EXERCISE DETAILS: Word for word, restate the entries that follow.

Data excerpts
(* Let $\alpha,\beta,\gamma,\Delta\in\mathbb{C}$ with $(\Delta,\beta)\neq(0,0)$. Consider extensions of conformal $\widetilde{\mathrm{SV}}$-modules $$0\to V(\alpha,\beta,\Delta)\to E\to\mathbb{C}c_\gamma\to0,$$ realized as $E=\mathbb{C}[\partial]v_\Delta\oplus\mathbb{C}c_\gamma$ (as vector spaces) with $\mathbb{C}[\partial]v_\Delta\cong V(\alpha,\beta,\Delta)$ a submodule and $$L_\lambda c_\gamma=f(\partial,\lambda)v_\Delta,\ M_\lambda c_\gamma=g(\partial,\lambda)v_\Delta,\ Y_\lambda c_\gamma=h(\partial,\lambda)v_\Delta,\ N_\lambda c_\gamma=k(\partial,\lambda)v_\Delta,\ \partial c_\gamma=\gamma c_\gamma+a(\partial)v_\Delta,$$ where $f,g,h,k\in\mathbb{C}[\partial,\lambda]$, $a\in\mathbb{C}[\partial]$. Nontrivial extensions of this form exist if and only if $\alpha+\gamma=0$, $\beta=0$ and $\Delta=1$. In this case $\dim_{\mathbb{C}}\mathrm{Ext}(\mathbb{C}c_{-\alpha},V(\alpha,0,1))=1$, and the only (up to a scalar) nontrivial extension is given by $g=h=k=0$ and $f(\partial,\lambda)=a(\partial)=a_0\in\mathbb{C}^*$.
   Context: A conformal module over a Lie conformal algebra $R$ is a $\mathbb{C}[\partial]$-module $V$ with $a\mapsto a_\lambda\in\mathrm{End}_{\mathbb{C}}(V)\otimes\mathbb{C}[\lambda]$ satisfying $[a_\lambda,b_\mu]=[a_\lambda b]_{\lambda+\mu}$ and $(\partial a)_\lambda=[\partial,a_\lambda]=-\lambda a_\lambda$. $\widetilde{\mathrm{SV}}$ is the Lie conformal algebra that is the free $\mathbb{C}[\partial]$-module with basis $L,M,Y,N$ whose nonzero $\lambda$-brackets (up to skew-symmetry) are $[L_\lambda L]=(\partial+2\lambda)L$, $[L_\lambda Y]=(\partial+\tfrac32\lambda)Y$, $[L_\lambda M]=(\partial+\lambda)M$, $[Y_\lambda Y]=(\partial+2\lambda)M$, $[L_\lambda N]=(\partial+\lambda)N$, $[N_\lambda M]=2M$, $[N_\lambda Y]=Y$. $V(\alpha,\beta,\Delta)=\mathbb{C}[\partial]v_\Delta$ with $L_\lambda v_\Delta=(\partial+\alpha+\Delta\lambda)v_\Delta$, $N_\lambda v_\Delta=\beta v_\Delta$, $M_\lambda v_\Delta=Y_\lambda v_\Delta=0$. $\mathbb{C}c_\gamma$ is the one-dimensional module with $\partial c_\gamma=\gamma c_\gamma$ and zero $\lambda$-actions. An extension of $W$ by $V$ is an exact sequence $0\to V\to E\to W\to0$ of conformal modules; equivalence via a module map of middle terms compatible with identities; trivial means equivalent to the direct sum. $\mathrm{Ext}(W,V)$ is the space of extension cocycles modulo coboundaries. *)

theory Defs
  imports "HOL-Computational_Algebra.Polynomial"
begin

datatype gen = GL | GM | GY | GN

text \<open>Listed brackets [a_lambda b] = sum_c Q(a,b,c)(d,lambda) c, where d stands for the
  derivation of the algebra.  br0 a b c d l is the coefficient Q(a,b,c) evaluated at d, l.\<close>
fun br0 :: "gen \<Rightarrow> gen \<Rightarrow> gen \<Rightarrow> complex \<Rightarrow> complex \<Rightarrow> complex" where
  "br0 GL GL GL d l = d + 2 * l"
| "br0 GL GY GY d l = d + 3/2 * l"
| "br0 GL GM GM d l = d + l"
| "br0 GY GY GM d l = d + 2 * l"
| "br0 GL GN GN d l = d + l"
| "br0 GN GM GM d l = 2"
| "br0 GN GY GY d l = 1"
| "br0 _ _ _ d l = 0"

definition listed :: "gen \<Rightarrow> gen \<Rightarrow> bool" where
  "listed a b \<longleftrightarrow> (a, b) \<in> {(GL,GL),(GL,GY),(GL,GM),(GY,GY),(GL,GN),(GN,GM),(GN,GY)}"

text \<open>All brackets, the unlisted ones obtained by skew-symmetry
  [b_lambda a] = - [a_(-lambda-d) b]; all other brackets are zero.\<close>
definition lc_br :: "gen \<Rightarrow> gen \<Rightarrow> gen \<Rightarrow> complex \<Rightarrow> complex \<Rightarrow> complex" where
  "lc_br a b c d l =
     (if listed a b then br0 a b c d l
      else if listed b a then - br0 b a c d (- l - d) else 0)"

section \<open>The underlying space E = C[d] v \<oplus> C c (pairs (p, z) meaning p(d) v + z c)\<close>

type_synonym E = "complex poly \<times> complex"

definition eadd :: "E \<Rightarrow> E \<Rightarrow> E" where "eadd u w = (fst u + fst w, snd u + snd w)"
definition esub :: "E \<Rightarrow> E \<Rightarrow> E" where "esub u w = (fst u - fst w, snd u - snd w)"
definition esc :: "complex \<Rightarrow> E \<Rightarrow> E" where "esc c w = (smult c (fst w), c * snd w)"

text \<open>Conformal module over SV-tilde on E, with lambda evaluated at complex numbers
  (a polynomial identity in lambda, mu holds iff it holds for all complex values).
  (1) a_lambda w is polynomial in lambda;
  (2) [a_lambda, b_mu] = [a_lambda b]_(lambda+mu), where (d^n c)_(lambda+mu) = (-(lambda+mu))^n c_(lambda+mu);
  (3) [d, a_lambda] = - lambda a_lambda.\<close>
definition conformal_module :: "(E \<Rightarrow> E) \<Rightarrow> (gen \<Rightarrow> complex \<Rightarrow> E \<Rightarrow> E) \<Rightarrow> bool" where
  "conformal_module D act \<longleftrightarrow>
     (\<forall>u w. D (eadd u w) = eadd (D u) (D w)) \<and> (\<forall>c w. D (esc c w) = esc c (D w)) \<and>
     (\<forall>a l u w. act a l (eadd u w) = eadd (act a l u) (act a l w)) \<and>
     (\<forall>a l c w. act a l (esc c w) = esc c (act a l w)) \<and>
     (\<forall>a w. \<exists>P Q. \<forall>l. act a l w = (poly P [:l:], poly Q l)) \<and>
     (\<forall>a b l m w. esub (act a l (act b m w)) (act b m (act a l w)) =
        eadd (esc (lc_br a b GL (-(l+m)) l) (act GL (l+m) w))
         (eadd (esc (lc_br a b GM (-(l+m)) l) (act GM (l+m) w))
          (eadd (esc (lc_br a b GY (-(l+m)) l) (act GY (l+m) w))
                (esc (lc_br a b GN (-(l+m)) l) (act GN (l+m) w))))) \<and>
     (\<forall>a l w. esub (D (act a l w)) (act a l (D w)) = esc (- l) (act a l w))"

RESPONSE TO THE TASK:
(* Let $\alpha,\beta,\gamma,\Delta\in\mathbb{C}$ with $(\Delta,\beta)\neq(0,0)$. Consider extensions of conformal $\widetilde{\mathrm{SV}}$-modules $$0\to V(\alpha,\beta,\Delta)\to E\to\mathbb{C}c_\gamma\to0,$$ realized as $E=\mathbb{C}[\partial]v_\Delta\oplus\mathbb{C}c_\gamma$ (as vector spaces) with $\mathbb{C}[\partial]v_\Delta\cong V(\alpha,\beta,\Delta)$ a submodule and $$L_\lambda c_\gamma=f(\partial,\lambda)v_\Delta,\ M_\lambda c_\gamma=g(\partial,\lambda)v_\Delta,\ Y_\lambda c_\gamma=h(\partial,\lambda)v_\Delta,\ N_\lambda c_\gamma=k(\partial,\lambda)v_\Delta,\ \partial c_\gamma=\gamma c_\gamma+a(\partial)v_\Delta,$$ where $f,g,h,k\in\mathbb{C}[\partial,\lambda]$, $a\in\mathbb{C}[\partial]$. Nontrivial extensions of this form exist if and only if $\alpha+\gamma=0$, $\beta=0$ and $\Delta=1$. In this case $\dim_{\mathbb{C}}\mathrm{Ext}(\mathbb{C}c_{-\alpha},V(\alpha,0,1))=1$, and the only (up to a scalar) nontrivial extension is given by $g=h=k=0$ and $f(\partial,\lambda)=a(\partial)=a_0\in\mathbb{C}^*$.
   Context: A conformal module over a Lie conformal algebra $R$ is a $\mathbb{C}[\partial]$-module $V$ with $a\mapsto a_\lambda\in\mathrm{End}_{\mathbb{C}}(V)\otimes\mathbb{C}[\lambda]$ satisfying $[a_\lambda,b_\mu]=[a_\lambda b]_{\lambda+\mu}$ and $(\partial a)_\lambda=[\partial,a_\lambda]=-\lambda a_\lambda$. $\widetilde{\mathrm{SV}}$ is the Lie conformal algebra that is the free $\mathbb{C}[\partial]$-module with basis $L,M,Y,N$ whose nonzero $\lambda$-brackets (up to skew-symmetry) are $[L_\lambda L]=(\partial+2\lambda)L$, $[L_\lambda Y]=(\partial+\tfrac32\lambda)Y$, $[L_\lambda M]=(\partial+\lambda)M$, $[Y_\lambda Y]=(\partial+2\lambda)M$, $[L_\lambda N]=(\partial+\lambda)N$, $[N_\lambda M]=2M$, $[N_\lambda Y]=Y$. $V(\alpha,\beta,\Delta)=\mathbb{C}[\partial]v_\Delta$ with $L_\lambda v_\Delta=(\partial+\alpha+\Delta\lambda)v_\Delta$, $N_\lambda v_\Delta=\beta v_\Delta$, $M_\lambda v_\Delta=Y_\lambda v_\Delta=0$. $\mathbb{C}c_\gamma$ is the one-dimensional module with $\partial c_\gamma=\gamma c_\gamma$ and zero $\lambda$-actions. An extension of $W$ by $V$ is an exact sequence $0\to V\to E\to W\to0$ of conformal modules; equivalence via a module map of middle terms compatible with identities; trivial means equivalent to the direct sum. $\mathrm{Ext}(W,V)$ is the space of extension cocycles modulo coboundaries. *)

theory Defs
  imports "HOL-Computational_Algebra.Polynomial"
begin

datatype gen = GL | GM | GY | GN

text \<open>Listed brackets [a_lambda b] = sum_c Q(a,b,c)(d,lambda) c, where d stands for the
  derivation of the algebra.  br0 a b c d l is the coefficient Q(a,b,c) evaluated at d, l.\<close>
fun br0 :: "gen \<Rightarrow> gen \<Rightarrow> gen \<Rightarrow> complex \<Rightarrow> complex \<Rightarrow> complex" where
  "br0 GL GL GL d l = d + 2 * l"
| "br0 GL GY GY d l = d + 3/2 * l"
| "br0 GL GM GM d l = d + l"
| "br0 GY GY GM d l = d + 2 * l"
| "br0 GL GN GN d l = d + l"
| "br0 GN GM GM d l = 2"
| "br0 GN GY GY d l = 1"
| "br0 _ _ _ d l = 0"

definition listed :: "gen \<Rightarrow> gen \<Rightarrow> bool" where
  "listed a b \<longleftrightarrow> (a, b) \<in> {(GL,GL),(GL,GY),(GL,GM),(GY,GY),(GL,GN),(GN,GM),(GN,GY)}"

text \<open>All brackets, the unlisted ones obtained by skew-symmetry
  [b_lambda a] = - [a_(-lambda-d) b]; all other brackets are zero.\<close>
definition lc_br :: "gen \<Rightarrow> gen \<Rightarrow> gen \<Rightarrow> complex \<Rightarrow> complex \<Rightarrow> complex" where
  "lc_br a b c d l =
     (if listed a b then br0 a b c d l
      else if listed b a then - br0 b a c d (- l - d) else 0)"

section \<open>The underlying space E = C[d] v \<oplus> C c (pairs (p, z) meaning p(d) v + z c)\<close>

type_synonym E = "complex poly \<times> complex"

definition eadd :: "E \<Rightarrow> E \<Rightarrow> E" where "eadd u w = (fst u + fst w, snd u + snd w)"
definition esub :: "E \<Rightarrow> E \<Rightarrow> E" where "esub u w = (fst u - fst w, snd u - snd w)"
definition esc :: "complex \<Rightarrow> E \<Rightarrow> E" where "esc c w = (smult c (fst w), c * snd w)"

text \<open>Conformal module over SV-tilde on E, with lambda evaluated at complex numbers
  (a polynomial identity in lambda, mu holds iff it holds for all complex values).
  (1) a_lambda w is polynomial in lambda;
  (2) [a_lambda, b_mu] = [a_lambda b]_(lambda+mu), where (d^n c)_(lambda+mu) = (-(lambda+mu))^n c_(lambda+mu);
  (3) [d, a_lambda] = - lambda a_lambda.\<close>
definition conformal_module :: "(E \<Rightarrow> E) \<Rightarrow> (gen \<Rightarrow> complex \<Rightarrow> E \<Rightarrow> E) \<Rightarrow> bool" where
  "conformal_module D act \<longleftrightarrow>
     (\<forall>u w. D (eadd u w) = eadd (D u) (D w)) \<and> (\<forall>c w. D (esc c w) = esc c (D w)) \<and>
     (\<forall>a l u w. act a l (eadd u w) = eadd (act a l u) (act a l w)) \<and>
     (\<forall>a l c w. act a l (esc c w) = esc c (act a l w)) \<and>
     (\<forall>a w. \<exists>P Q. \<forall>l. act a l w = (poly P [:l:], poly Q l)) \<and>
     (\<forall>a b l m w. esub (act a l (act b m w)) (act b m (act a l w)) =
        eadd (esc (lc_br a b GL (-(l+m)) l) (act GL (l+m) w))
         (eadd (esc (lc_br a b GM (-(l+m)) l) (act GM (l+m) w))
          (eadd (esc (lc_br a b GY (-(l+m)) l) (act GY (l+m) w))
                (esc (lc_br a b GN (-(l+m)) l) (act GN (l+m) w))))) \<and>
     (\<forall>a l w. esub (D (act a l w)) (act a l (D w)) = esc (- l) (act a l w))"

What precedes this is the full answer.